Toya stava ancora combattendo con la propria gelosia mentre camminava lentamente verso il santuario. Aveva intenzione di seguire Kyoko per un chiarimento, non poteva sopportare l’idea che fosse arrabbiata con lui.
I suoi sensi si acuirono, facendogli capire che non era da solo. Alzò lo sguardo e vide Shinbe, appoggiato a una delle rovine che appartenevano all’antico castello. Aveva le mani in tasca e il bastone poggiato sulle gambe, e aveva gli occhi chiusi come se stesse dormendo.
«Svegliati, stupido pervertito!» gridò Toya, più irritato di prima.
Shinbe aprì gli occhi assonnati, poi li richiuse e ribatté: «Che cosa vuoi?».
Toya ringhiò: «Cosa voglio? Voglio sapere che diavolo ci fai qui!».

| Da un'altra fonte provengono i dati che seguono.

lemma glued_square_low_row:
  assumes "k \<le> m" "x < m" "y < m + k"
  defines "D \<equiv> if y < m then (x + y) mod m else y - m"
  shows "y < m \<Longrightarrow> D < k \<Longrightarrow> glued_square m k x y = m + D"
    and "\<not> (y < m \<and> D < k) \<Longrightarrow>
      glued_square m k x y < m \<and> (glued_square m k x y + 2 * x) mod m = D"
proof -
  show "y < m \<Longrightarrow> D < k \<Longrightarrow> glued_square m k x y = m + D"
    using \<open>x < m\<close> by (simp add: glued_square_def D_def)
  assume not_K: "\<not> (y < m \<and> D < k)"
  have "0 < m" using \<open>x < m\<close> by simp
  show "glued_square m k x y < m \<and> (glued_square m k x y + 2 * x) mod m = D"
  proof (cases "y < m")
    case True
    have "(y + m - x) mod m < m" using \<open>0 < m\<close> by simp
    moreover have "((y + m - x) mod m + 2 * x) mod m = (y + m - x + 2 * x) mod m"
      by (rule mod_add_left_eq)
    moreover have "y + m - x + 2 * x = (x + y) + m" using \<open>x < m\<close> by simp
    ultimately show ?thesis using not_K True \<open>x < m\<close> by (simp add: glued_square_def D_def)
  next
    case False
    have "(y + m - 2 * x) mod m < m" using \<open>0 < m\<close> by simp
    moreover have "((y + m - 2 * x) mod m + 2 * x) mod m = (y + m - 2 * x + 2 * x) mod m"
      by (rule mod_add_left_eq)
    moreover have "y + m - 2 * x + 2 * x = y + m" using False \<open>x < m\<close> by simp
    moreover have "y mod m = y - m" using False assms(1,3) by (simp add: mod_less_double)
    ultimately show ?thesis using False \<open>x < m\<close> by (simp add: glued_square_def D_def)
  qed
qed

lemma glued_square_row_inj_low:
  assumes "k \<le> m" "x < m"
  shows "inj_on (glued_square m k x) {..<m + k}"
proof -
  define D where "D y = (if y < m then (x + y) mod m else y - m)" for y
  have K: "glued_square m k x y = m + D y" if "y < m" "D y < k" for y
    using glued_square_low_row(1)[OF assms, of y] that unfolding D_def by simp
  have M: "glued_square m k x y < m \<and> (glued_square m k x y + 2 * x) mod m = D y"
    if "y < m + k" "\<not> (y < m \<and> D y < k)" for y
    using glued_square_low_row(2)[OF assms that(1)] that(2) unfolding D_def by simp
  show ?thesis
  proof (rule inj_onI)
    fix y1 y2 assume y1: "y1 \<in> {..<m + k}" and y2: "y2 \<in> {..<m + k}"
      and eq: "glued_square m k x y1 = glued_square m k x y2"
    have kind: "(y < m \<and> D y < k) \<longleftrightarrow> m \<le> glued_square m k x y" if "y < m + k" for y
      using K M[OF that] by fastforce
    have same_kind: "(y1 < m \<and> D y1 < k) \<longleftrightarrow> (y2 < m \<and> D y2 < k)"
      using kind y1 y2 eq by simp
    have "D y1 = D y2"
    proof (cases "y1 < m \<and> D y1 < k")
      case True
      then show ?thesis using K same_kind eq by simp
    next
      case False
      then show ?thesis using M y1 y2 same_kind eq by (metis lessThan_iff)
    qed
    moreover have "y1 < m \<longleftrightarrow> y2 < m"
    proof -
      have "D y < k" if "\<not> y < m" "y < m + k" for y using that by (simp add: D_def)
      then show ?thesis using same_kind \<open>D y1 = D y2\<close> y1 y2 by (metis lessThan_iff)
    qed
    ultimately show "y1 = y2"
    proof (cases "y1 < m")
      case True
      then have "(x + y1) mod m = (x + y2) mod m" "y2 < m"
        using \<open>D y1 = D y2\<close> \<open>y1 < m \<longleftrightarrow> y2 < m\<close> by (simp_all add: D_def)
      then show ?thesis using True inj_on_add_mod_lessThan[of x m] unfolding inj_on_def by blast
    next
      case False
      then show ?thesis using \<open>D y1 = D y2\<close> \<open>y1 < m \<longleftrightarrow> y2 < m\<close> by (simp add: D_def)
    qed
  qed
qed

lemma glued_square_row_inj_high:
  assumes "odd m" "k \<le> m" "m \<le> x" "x < m + k"
  shows "inj_on (glued_square m k x) {..<m + k}"
proof -
  have "0 < m" using \<open>odd m\<close> by (cases m) auto
  have M: "glued_square m k x y < m \<and> (glued_square m k x y + x) mod m = (2 * y) mod m"
    if "y < m" for y
  proof -
    have "((2 * y + 2 * m - x) mod m + x) mod m = (2 * y + 2 * m - x + x) mod m"
      by (rule mod_add_left_eq)
    moreover have "2 * y + 2 * m - x + x = 2 * y + 2 * m" using assms by simp
    ultimately show ?thesis using that \<open>m \<le> x\<close> \<open>0 < m\<close> by (simp add: glued_square_def)
  qed
  have K: "glued_square m k x y = m + (x + y) mod k" if "m \<le> y" for y
    using that \<open>m \<le> x\<close> by (simp add: glued_square_def)
  show ?thesis
  proof (rule inj_onI)
    fix y1 y2 assume y1: "y1 \<in> {..<m + k}" and y2: "y2 \<in> {..<m + k}"
      and eq: "glued_square m k x y1 = glued_square m k x y2"
    show "y1 = y2"
    proof (cases "y1 < m")
      case True
      then have "y2 < m" using M K eq y2 by (metis le_add1 not_less)
      then show ?thesis
        using mod_double_inj[OF \<open>odd m\<close> True] M[OF True] M eq by metis
    next
      case False
      then have "m \<le> y2" using M K eq by (metis le_add1 not_less)
      then show ?thesis
        using inj_on_add_mod[of x k m] K[OF \<open>m \<le> y2\<close>] K False eq y1 y2
        unfolding inj_on_def by (simp add: not_less)
    qed
  qed
qed

lemma twisted_latin_glued_square:
  assumes "odd m" "k \<le> m"
  shows "twisted_latin (m + k) (glued_square m k) (neg_low m)"
proof -
  have "0 < m" using \<open>odd m\<close> by (cases m) auto
  show ?thesis
  proof (rule twisted_latinI)
    show "glued_square m k x y < m + k" if "x < m + k" "y < m + k" for x y
      using glued_square_less \<open>0 < m\<close> that by blast
    show "inj_on (glued_square m k x) {..<m + k}" if "x < m + k" for x
      using glued_square_row_inj_low glued_square_row_inj_high assms that by (metis not_less)
    show "glued_square m k y x = neg_low m (glued_square m k x y)" if "x < m + k" "y < m + k" for x y
      using glued_square_transpose \<open>0 < m\<close> assms that by blast
    show "neg_low m s < m + k" if "s < m + k" for s
      using neg_low_less \<open>0 < m\<close> that by blast
    show "neg_low m (neg_low m s) = s" for s
      by (rule neg_low_neg_low)
  qed
qed

definition in_triple :: "nat \<Rightarrow> nat \<Rightarrow> bool" where
  "in_triple r s \<longleftrightarrow> s < 4 * r \<and> s mod 4 \<noteq> 3"

definition triple_offset :: "nat \<Rightarrow> nat \<Rightarrow> nat" where
  "triple_offset t j =
     (if j = 0 then (if t = 0 then 1 else if odd t then 2 else 0)
      else if j = 1 then (if t = 0 then 2 else if t = 1 then 0 else 1)
      else (if t = 1 then 1 else if t = 0 \<or> odd t then 0 else 2))"

text \<open>For odd n each symbol of the addition table of Z_n occurs once on the diagonal. For i < r
  the three antidiagonals x + y = 4i + j (j \<le> 2) are refilled with the symbols
  4i + triple_offset t j, where t = x - 2i (mod n); then only 4i + 1 lies on the diagonal there,
  and transposition exchanges 4i and 4i + 2.\<close>
definition triple_square :: "nat \<Rightarrow> nat \<Rightarrow> nat \<Rightarrow> nat \<Rightarrow> nat" where
  "triple_square n r x y =
     (let s = (x + y) mod n
      in if in_triple r s
         then 4 * (s div 4) + triple_offset ((x + n - 2 * (s div 4)) mod n) (s mod 4)
         else s)"

lemma triple_offset_le: "triple_offset t j \<le> 2"
  unfolding triple_offset_def by auto

lemma triple_offset_inj: "j1 \<le> 2 \<Longrightarrow> j2 \<le> 2 \<Longrightarrow> triple_offset t j1 = triple_offset t j2 \<Longrightarrow> j1 = j2"
  unfolding triple_offset_def by (auto split: if_splits)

Shinbe riaprì gli occhi e lo guardò con un sopracciglio alzato, «È vietato riposare?».
Toya restrinse lo sguardo, «Da quand’è che arrivi fin qui per riposare?».
Shinbe si alzò lentamente, preparandosi ad ogni evenienza perché sapeva che Toya era molto più forte. Ma sapeva anche di non essere debole come suo fratello credeva, i loro erano solo poteri diversi.
«Ero venuto a salutare Kyoko. Per il modo in cui l’hai trattata, saremo fortunati se torna. E comunque, che sta succedendo in quel tuo cervello da microbo?», la voce calma di Shinbe nascondeva un accenno di agitazione.
Toya emise un lieve ringhio, quello che suo fratello aveva detto era vero. Forse aveva reagito in modo eccessivo ma, dopotutto, li aveva visti mentre si baciavano… Kyoko aveva baciato quel guardiano pervertito. Gli tornò in mente quella scena e la sua anima gridò: “No, è stato Shinbe a baciare Kyoko, non il contrario!”.
Si voltò di spalle e rispose: «Non so che intenzioni hai, ma se tocchi di nuovo Kyoko… ti ammazzo!». Detto questo, schizzò via lasciando una piuma d’argento nella brezza.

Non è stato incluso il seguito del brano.